# gmail app not like tablet version



## twinkiestar (Oct 14, 2011)

I noticed the gmail app looks like the phone version instead of the tablet version which is shown here.





I want to have the two column like interface when TP is in the landscape mode, is there a different gmail client to be downloaded?


----------



## Plancy (Sep 25, 2011)

Those are Honeycomb apps, we have Gingerbread which is a phone OS.


----------



## Plancy (Sep 25, 2011)

Those are Honeycomb apps, we have Gingerbread which is a phone Android OS.


----------



## PainToad (Oct 13, 2011)

....Because Gingerbread is a phone OS.....

Try these,
http://forum.xda-developers.com/showthread.php?t=928832


----------



## EricErK (Jun 8, 2011)

PainToad said:


> ....Because Gingerbread is a phone OS.....
> 
> Try these,
> http://forum.xda-developers.com/showthread.php?t=928832


Would you look at that ui... Damn its beautiful, Also in theory i'm pretty sure a mod could be done to run hc apps on gb... i think, not 100% sure but with moding theirs a good chance


----------



## PainToad (Oct 13, 2011)

Doubt it, they have different SDKs, APIs and frameworks.


----------



## twinkiestar (Oct 14, 2011)

so the same gmail app will behave differently on gingerbread vs honeycomb, or there is different gmail app for honeycomb? if the later, can we simply get that HD version app and install on TP?


----------



## orateam (Sep 28, 2011)

PainToad said:


> ....Because Gingerbread is a phone OS.....
> 
> Try these,
> http://forum.xda-developers.com/showthread.php?t=928832


tried them all. they don't work and get replaced with stock apps when rebooting.

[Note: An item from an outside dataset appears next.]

(* Let $\Omega\subset\mathbb{R}^n$ be a bounded domain with smooth boundary and outward normal $\nu$, let $a,b,c,m,d_1,d_2>0$, and let $k:\Omega\to\mathbb{R}$ satisfy $k\in C^1(\Omega)$, $k\ge0$, and $k$ does not vanish identically on any subset (or finite union of subsets) of $\Omega$ of positive measure. Let $\widehat{k}=\min_{x\in\Omega}k(x)$ and $\widetilde{k}=\max_{x\in\Omega}k(x)$. Let $(u,v)$ solve $$u_t=d_1\Delta u+bu(1-u-cv),\qquad v_t=d_2\Delta v+v\Big(\frac{1}{1+k(x)u}-v-au-muv\Big)\quad\text{in }\Omega,$$ let $(\widehat u,\widehat v)$ solve the same system with $k(x)$ replaced by the constant $\widehat{k}$, and let $(\widetilde u,\widetilde v)$ solve the same system with $k(x)$ replaced by the constant $\widetilde{k}$, all with homogeneous Neumann boundary conditions $\partial_\nu(\cdot)=0$ on $\partial\Omega$ and the same spatially homogeneous positive initial data $u(x,0)\equiv u_0>0$, $v(x,0)\equiv v_0>0$. Then the pointwise comparison $\widetilde v\le v\le\widehat v$ holds.
   Context: Solutions are classical, global and nonnegative. The constant-fear systems are $\widehat u_t=d_1\Delta\widehat u+b\widehat u(1-\widehat u-c\widehat v)$, $\widehat v_t=d_2\Delta\widehat v+\widehat v(\frac{1}{1+\widehat k\widehat u}-\widehat v-a\widehat u-m\widehat u\widehat v)$ and $\widetilde u_t=d_1\Delta\widetilde u+b\widetilde u(1-\widetilde u-c\widetilde v)$, $\widetilde v_t=d_2\Delta\widetilde v+\widetilde v(\frac{1}{1+\widetilde k\widetilde u}-\widetilde v-a\widetilde u-m\widetilde u\widetilde v)$. *)

theory Defs
  imports "HOL-Analysis.Analysis"
begin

On a side note, the gtablet canvas app works.


----------



## Zenec (Oct 13, 2011)

PainToad said:


> ....Because Gingerbread is a phone OS.....
> 
> Try these,
> http://forum.xda-developers.com/showthread.php?t=928832


I tried installing Notion Ink apps. Install and run just fine, however, it seems that notion ink uses different display resolution as part of the touchpad screen remains unused (black). Is there any way this could be fixed? Those apps are beautiful, though.


----------



## DanWilson (Oct 1, 2011)

I think I just face palmed.


----------



## lp894 (Aug 24, 2011)

Calendar works fine


----------